Mona Al Banna, MB BCh, Msc(Res)
@DrMonaAlBanna
Various studies are showing that neurologic complications, including stroke, occur frequently in COVID-19 patients. In addition, the COVID-19 pandemic has compromised the delivery of well-established time-sensitive therapies and system delivery in stroke care. The authors of this study set out to determine whether patients with stroke and COVID-19 had worse functional outcomes compared to patients without COVID-19 and, if so, evaluate whether this was attributable to direct effects of the virus itself or due to logistical difficulties of providing care during a global pandemic.
The authors conduced a prospective multicentered cohort study of 19 hospitals in Catalonia, Spain, from mid-March to May 15, 2020. Patients were eligible if they had an acute ischemic stroke with a previous modified Rankin Scale (mRS) of 0-3. Patients were then classified according to their SARS-CoV-2 PCR status. The authors then collected various data variables, including demographic data, vascular risk factor profiles, pre-admission medications, NIHSS on admission and at 72 hours, imaging data, reperfusion therapies (and, if applicable, TICI scores), time metrics (e.g., door to needle, door to groin), stroke etiology and functional outcome at 3 months.
A total of 701 patients were studied, of which 13% were diagnosed with COVID-19. In those 13%, the infection was diagnosed before the stroke in 6%, and in the remainder, COVID-19 was detected after hospitalization. In the COVID-19 positive group, 29% were admitted to the ICU, and 22% required mechanical ventilation. Both the COVID-19 and non-COVID-19 groups were similar in most variables except for median baseline NIHSS score. It was two points higher in the COVID-19 group compared to the non-COVID-19 group (8 [3-18] vs 6 [2-14], p=0.049). In addition, more of the COVID-19 population was admitted to the ICU. There were 43% of the patients with an LVO in the COVID-19 group and 33% in the non-COVID-19 group (p=0.059). For this group, baseline NIHSS, proportion of patients who received fibrinolysis, proportion of patients treated with mechanical thrombectomy and rates of successful recanalization were similar regardless of COVID-19 status.

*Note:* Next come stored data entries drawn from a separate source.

definition qm :: "real \<Rightarrow> real \<Rightarrow> real \<Rightarrow> real \<Rightarrow> nat \<Rightarrow> nat \<Rightarrow> (nat \<Rightarrow> real \<times> real) \<Rightarrow> real" where
  "qm a1 a2 b1 b2 n m = real_cond_exp (eta_space a1 a2 b1 b2 n) (filt a1 a2 b1 b2 n m) (qeta a1 a2 b1 b2 n)"

end

theory Submission
  imports Defs
begin

text \<open>Let \<open>q'\<close> be the crossing probability computed after deleting the point \<open>\<eta>\<^sub>m\<close>.
  Deleting a site can only create a red crossing if the site was blue, and only destroy one if it
  was red; so whenever deletion changes the outcome, flipping the colour of \<open>\<eta>\<^sub>m\<close> changes it
  too, and \<open>\<bar>q\<^sup>\<eta> - q'\<bar> \<le> Inf\<^sub>m\<close>. As \<open>q'\<close> does not depend on \<open>\<eta>\<^sub>m\<close> and the points are
  independent, \<open>E[q' | F\<^sub>m] = E[q' | F\<^sub>m\<^sub>-\<^sub>1]\<close>. Hence \<open>q\<^sub>m - q\<^sub>m\<^sub>-\<^sub>1\<close> is the martingale
  increment of \<open>q\<^sup>\<eta> - q'\<close>, whose variance is at most \<open>E[(q\<^sup>\<eta> - q')\<^sup>2] \<le> E[Inf\<^sub>m\<^sup>2]\<close>.

  Measurability in \<open>\<eta>\<close> comes from openness of the crossing event: a witnessing path keeps a
  positive margin from every blue cell, and this margin survives small moves of the points.\<close>

section \<open>Measures and conditional expectation\<close>

lemma (in finite_measure) abs_measure_diff_le:
  assumes "A \<in> sets M" "B \<in> sets M" "C \<in> sets M" "A \<subseteq> B \<union> C" "B \<subseteq> A \<union> C"
  shows "\<bar>measure M A - measure M B\<bar> \<le> measure M C"
proof -
  have "measure M A \<le> measure M B + measure M C" "measure M B \<le> measure M A + measure M C"
    using assms by (auto intro!: order.trans[OF finite_measure_mono measure_Un_le])
  then show ?thesis by linarith
qed

lemma (in prob_space) abs_integral_le_const:
  fixes f :: "'a \<Rightarrow> real"
  assumes "f \<in> borel_measurable M" and "AE x in M. \<bar>f x\<bar> \<le> c"
  shows "\<bar>expectation f\<bar> \<le> c"
proof -
  have "integrable M (\<lambda>x. \<bar>f x\<bar>)"
    using assms by (intro integrable_const_bound[where B=c]) auto
  then have "(\<integral>x. \<bar>f x\<bar> \<partial>M) \<le> c"
    using assms(2) by (rule integral_le_const)
  moreover have "\<bar>expectation f\<bar> \<le> (\<integral>x. \<bar>f x\<bar> \<partial>M)"
    using integral_norm_bound[of M f] by simp
  ultimately show ?thesis by linarith
qed

lemma (in finite_measure) integral_power2_le_of_abs_le:
  fixes f g :: "'a \<Rightarrow> real"
  assumes "f \<in> borel_measurable M" "g \<in> borel_measurable M"
    and le: "\<And>x. x \<in> space M \<Longrightarrow> \<bar>f x\<bar> \<le> g x" and bounded: "\<And>x. x \<in> space M \<Longrightarrow> g x \<le> c"
  shows "(\<integral>x. (f x)\<^sup>2 \<partial>M) \<le> (\<integral>x. (g x)\<^sup>2 \<partial>M)"
proof (rule integral_mono)
  show square_le: "(f x)\<^sup>2 \<le> (g x)\<^sup>2" if "x \<in> space M" for x
    using le[OF that] by (metis abs_ge_zero power2_abs power_mono)
  have g_square: "(g x)\<^sup>2 \<le> c\<^sup>2" if "x \<in> space M" for x
    using le[OF that] bounded[OF that] by (intro power_mono) auto
  show "integrable M (\<lambda>x. (g x)\<^sup>2)"
    using assms(2) g_square by (intro integrable_const_bound[where B="c\<^sup>2"] AE_I2) auto
  show "integrable M (\<lambda>x. (f x)\<^sup>2)"
    using assms(1) square_le g_square
    by (intro integrable_const_bound[where B="c\<^sup>2"] AE_I2) (auto intro: order.trans)
qed

lemma (in prob_space) real_cond_exp_abs_le_const:
  fixes Y :: "'a \<Rightarrow> real"
  assumes "subalgebra M F" and "Y \<in> borel_measurable M" and "AE x in M. \<bar>Y x\<bar> \<le> c"
  shows "AE x in M. \<bar>real_cond_exp M F Y x\<bar> \<le> c"
proof -
  interpret finite_measure_subalgebra M F by unfold_locales (rule assms(1))
  have Y: "integrable M Y" using assms(2,3) by (intro integrable_const_bound[where B=c]) auto
  have "AE x in M. real_cond_exp M F Y x \<le> c" using assms(3) by (intro real_cond_exp_le_c[OF Y]) auto
  moreover have "AE x in M. real_cond_exp M F Y x \<ge> -c" using assms(3) by (intro real_cond_exp_ge_c[OF Y]) auto
  ultimately show ?thesis by eventually_elim auto
qed

lemma (in prob_space) real_cond_exp_pythagoras:
  fixes Y :: "'a \<Rightarrow> real"
  assumes F: "subalgebra M F" and Y[measurable]: "Y \<in> borel_measurable M"
    and bounded: "AE x in M. \<bar>Y x\<bar> \<le> c"
  shows "(\<integral>x. (Y x - real_cond_exp M F Y x)\<^sup>2 \<partial>M)
           = (\<integral>x. (Y x)\<^sup>2 \<partial>M) - (\<integral>x. (real_cond_exp M F Y x)\<^sup>2 \<partial>M)"
proof -
  interpret finite_measure_subalgebra M F by unfold_locales (rule F)
  let ?C = "real_cond_exp M F Y"
  have C_bounded: "AE x in M. \<bar>?C x\<bar> \<le> c"
    by (rule real_cond_exp_abs_le_const[OF F Y bounded])
  have product_integrable: "integrable M (\<lambda>x. f x * g x)"
    if "AE x in M. \<bar>f x\<bar> \<le> c" "AE x in M. \<bar>g x\<bar> \<le> c"
      "f \<in> borel_measurable M" "g \<in> borel_measurable M" for f g
  proof (rule integrable_const_bound[where B="c * c"])
    show "AE x in M. norm (f x * g x) \<le> c * c"
      using that(1,2) by eventually_elim (auto simp: abs_mult intro: mult_mono')
  qed (use that in simp)
  have CY: "integrable M (\<lambda>x. ?C x * Y x)" and CC: "integrable M (\<lambda>x. ?C x * ?C x)"
    and YY: "integrable M (\<lambda>x. Y x * Y x)"
    using product_integrable C_bounded bounded by auto
  have orthogonal: "(\<integral>x. ?C x * ?C x \<partial>M) = (\<integral>x. ?C x * Y x \<partial>M)"
    by (rule real_cond_exp_intg(2)[OF CY]) auto
  have "(\<integral>x. (Y x - ?C x)\<^sup>2 \<partial>M) = (\<integral>x. Y x * Y x - 2 * (?C x * Y x) + ?C x * ?C x \<partial>M)"
    by (simp add: power2_eq_square algebra_simps)
  also have "\<dots> = (\<integral>x. Y x * Y x \<partial>M) - 2 * (\<integral>x. ?C x * Y x \<partial>M) + (\<integral>x. ?C x * ?C x \<partial>M)"
    using CY CC YY by simp
  also have "\<dots> = (\<integral>x. (Y x)\<^sup>2 \<partial>M) - (\<integral>x. (?C x)\<^sup>2 \<partial>M)"
    using orthogonal by (simp add: power2_eq_square)
  finally show ?thesis .
qed

text \<open>Where \<open>Y'\<close> gains no information from \<open>G\<close> to \<open>F\<close>, the increment of the Doob martingale
  of \<open>Y\<close> is that of \<open>Y - Y'\<close>, and conditional expectation contracts the \<open>L\<^sup>2\<close> norm.\<close>

lemma (in prob_space) variance_cond_exp_increment_le:
  fixes Y Y' :: "'a \<Rightarrow> real"
  assumes F: "subalgebra M F" and G: "subalgebra M G" and GF: "subalgebra F G"
    and Y[measurable]: "Y \<in> borel_measurable M" "AE x in M. \<bar>Y x\<bar> \<le> c"
    and Y'[measurable]: "Y' \<in> borel_measurable M" "AE x in M. \<bar>Y' x\<bar> \<le> c"
    and no_gain: "AE x in M. real_cond_exp M F Y' x = real_cond_exp M G Y' x"
  shows "variance (\<lambda>x. real_cond_exp M F Y x - real_cond_exp M G Y x)
           \<le> expectation (\<lambda>x. (Y x - Y' x)\<^sup>2)"
proof -
  interpret F: finite_measure_subalgebra M F by unfold_locales (rule F)
  interpret G: finite_measure_subalgebra M G by unfold_locales (rule G)
  define Z where "Z x = Y x - Y' x" for x
  have Z[measurable]: "Z \<in> borel_measurable M" unfolding Z_def by measurable
  have Z_bounded: "AE x in M. \<bar>Z x\<bar> \<le> 2 * c"
    using Y(2) Y'(2) by eventually_elim (simp add: Z_def)
  have iY: "integrable M Y" and iY': "integrable M Y'" and iZ: "integrable M Z"
    using Y Y' Z Z_bounded by (auto intro!: integrable_const_bound)
  let ?A = "real_cond_exp M F Z"
  let ?X = "\<lambda>x. real_cond_exp M F Y x - real_cond_exp M G Y x"
  have increment: "AE x in M. ?X x = ?A x - real_cond_exp M G ?A x"
  proof -
    have "AE x in M. real_cond_exp M F Z x = real_cond_exp M F Y x - real_cond_exp M F Y' x"
      unfolding Z_def by (rule F.real_cond_exp_diff[OF iY iY'])
    moreover have "AE x in M. real_cond_exp M G Z x = real_cond_exp M G Y x - real_cond_exp M G Y' x"
      unfolding Z_def by (rule G.real_cond_exp_diff[OF iY iY'])
    moreover have "AE x in M. real_cond_exp M G ?A x = real_cond_exp M G Z x"
      by (rule G.real_cond_exp_nested_subalg[OF F GF iZ])
    ultimately show ?thesis using no_gain by eventually_elim simp
  qed
  have "expectation ?X = 0"
    using F.real_cond_exp_int[OF iY] G.real_cond_exp_int[OF iY] by simp
  then have "variance ?X = (\<integral>x. (?X x)\<^sup>2 \<partial>M)" by simp
  also have "\<dots> = (\<integral>x. (?A x - real_cond_exp M G ?A x)\<^sup>2 \<partial>M)"
    using increment by (intro integral_cong_AE) (auto elim!: eventually_mono)
  also have "\<dots> \<le> (\<integral>x. (?A x)\<^sup>2 \<partial>M)"
    using real_cond_exp_pythagoras[OF G _ real_cond_exp_abs_le_const[OF F Z Z_bounded]] by simp
  also have "\<dots> \<le> (\<integral>x. (Z x)\<^sup>2 \<partial>M)"
    using real_cond_exp_pythagoras[OF F Z Z_bounded] integral_nonneg_AE[of "\<lambda>x. (Z x - ?A x)\<^sup>2" M]
    by simp
  finally show ?thesis unfolding Z_def .
qed

section \<open>Conditioning on coordinates of a product space\<close>

lemma open_Int_space_PiM_borel:
  fixes X :: "('i::countable \<Rightarrow> 'a::second_countable_topology) set"
  assumes "open X"
  shows "X \<inter> space (PiM I (\<lambda>_. borel)) \<in> sets (PiM I (\<lambda>_. borel))"
proof -
  have "(\<lambda>\<eta>. \<eta> i) \<in> borel_measurable (PiM I (\<lambda>_. borel :: 'a measure))" for i
  proof (cases "i \<in> I")
    case False
    then have "(\<lambda>\<eta>. \<eta> i) \<in> space (PiM I (\<lambda>_. borel :: 'a measure)) \<rightarrow> {undefined}"
      by (auto simp: space_PiM PiE_def extensional_def)
    then show ?thesis
      by (intro measurable_cong[THEN iffD2, OF _ measurable_const[of undefined]]) auto
  qed simp
  then have "(\<lambda>\<eta>. \<eta>) \<in> measurable (PiM I (\<lambda>_. borel)) (borel :: ('i \<Rightarrow> 'a) measure)"
    by (rule measurable_coordinatewise_then_product)
  from measurable_sets[OF this, of X] assms show ?thesis by (simp add: Int_commute)
qed

lemma subalgebra_restrict_PiM:
  assumes "K \<subseteq> I"
  shows "subalgebra (PiM I M) (vimage_algebra (space (PiM I M)) (\<lambda>\<eta>. restrict \<eta> K) (PiM K M))"
  unfolding subalgebra_def
proof
  have into: "(\<lambda>\<eta>. restrict \<eta> K) \<in> space (PiM I M) \<rightarrow> space (PiM K M)"
    using assms by (auto simp: space_PiM)
  show "space (vimage_algebra (space (PiM I M)) (\<lambda>\<eta>. restrict \<eta> K) (PiM K M)) = space (PiM I M)"
    by simp
  show "sets (vimage_algebra (space (PiM I M)) (\<lambda>\<eta>. restrict \<eta> K) (PiM K M)) \<subseteq> sets (PiM I M)"
  proof
    fix A assume "A \<in> sets (vimage_algebra (space (PiM I M)) (\<lambda>\<eta>. restrict \<eta> K) (PiM K M))"
    then obtain B where "B \<in> sets (PiM K M)" "A = (\<lambda>\<eta>. restrict \<eta> K) -` B \<inter> space (PiM I M)"
      unfolding sets_vimage_algebra2[OF into] by blast
    then show "A \<in> sets (PiM I M)"
      using measurable_sets[OF measurable_restrict_subset[OF assms]] by simp
  qed
qed

lemma subalgebra_restrict_PiM_mono:
  assumes "K \<subseteq> K'" "K' \<subseteq> I"
  shows "subalgebra (vimage_algebra (space (PiM I M)) (\<lambda>\<eta>. restrict \<eta> K') (PiM K' M))
           (vimage_algebra (space (PiM I M)) (\<lambda>\<eta>. restrict \<eta> K) (PiM K M))"
  unfolding subalgebra_def
proof
  let ?X = "space (PiM I M)"
  have into: "(\<lambda>\<eta>. restrict \<eta> K) \<in> ?X \<rightarrow> space (PiM K M)" "(\<lambda>\<eta>. restrict \<eta> K') \<in> ?X \<rightarrow> space (PiM K' M)"
    using assms by (auto simp: space_PiM subset_iff)
  show "space (vimage_algebra ?X (\<lambda>\<eta>. restrict \<eta> K) (PiM K M))
      = space (vimage_algebra ?X (\<lambda>\<eta>. restrict \<eta> K') (PiM K' M))" by simp
  show "sets (vimage_algebra ?X (\<lambda>\<eta>. restrict \<eta> K) (PiM K M))
      \<subseteq> sets (vimage_algebra ?X (\<lambda>\<eta>. restrict \<eta> K') (PiM K' M))"
  proof
    fix A assume "A \<in> sets (vimage_algebra ?X (\<lambda>\<eta>. restrict \<eta> K) (PiM K M))"
    then obtain B where B: "B \<in> sets (PiM K M)" "A = (\<lambda>\<eta>. restrict \<eta> K) -` B \<inter> ?X"
      unfolding sets_vimage_algebra2[OF into(1)] by blast
    define B' where "B' = (\<lambda>f. restrict f K) -` B \<inter> space (PiM K' M)"
    have "B' \<in> sets (PiM K' M)"
      unfolding B'_def by (rule measurable_sets[OF measurable_restrict_subset[OF assms(1)] B(1)])
    moreover have "A = (\<lambda>\<eta>. restrict \<eta> K') -` B' \<inter> ?X"
      unfolding B(2) B'_def using assms by (auto simp: space_PiM Int_absorb1 subset_iff PiE_iff)
    ultimately show "A \<in> sets (vimage_algebra ?X (\<lambda>\<eta>. restrict \<eta> K') (PiM K' M))"
      unfolding sets_vimage_algebra2[OF into(2)] by blast
  qed
qed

The median mRS score at 3 months was 4 (IQR 2-6) in the COVID-19 group and 3 (IQR 1-4) in the non-COVID-19 group (p<0.001). However, with regression analysis and adjustment for age and baseline NIHSS, the odds radio (indicating odds of worsening by 1 point on the mRS) was not statistically significant (2.03 [95% CI, 1.31 to 3.13; p=0.001]). COVID-19 was found to be a risk factor for mortality (HR 3.14 [95% CI, 2.10-4.71; p<0.001]). The study authors concluded that patients with ischemic stroke and concomitant COVID-19 infection had a more severe neurological deficit at admission and at 72 hours, and higher mortality (3.1-fold). They indicate that despite presenting with similar demographics, risk factor profile and time from the onset of symptoms, stroke severity measured by the NIHSS score was higher in the COVID-19 patients. It is important to note, however, that this was an increase of only 2 points on the NIHSS and barely reached the statistically significant threshold. In addition, it was not specified what the 2-point increase was most commonly.. I do not think these results are robust enough to conclude that patients with COVID-19 and stroke will have a worse functional outcome at 3 months or that they are worse neurologically at baseline presentation. However, this is a key study in noting that the cohort of patients with stroke and COVID-19 is a vulnerable population group prone to worsening neurologic status while hospitalized and has a greater admission rate to the ICU and a higher mortality rate. It is also commendable that in the hospital systems studied, there did not seem to be delays in provision of care and time-sensitive therapies to COVID-19 patients compared to non-COVID-19 patients.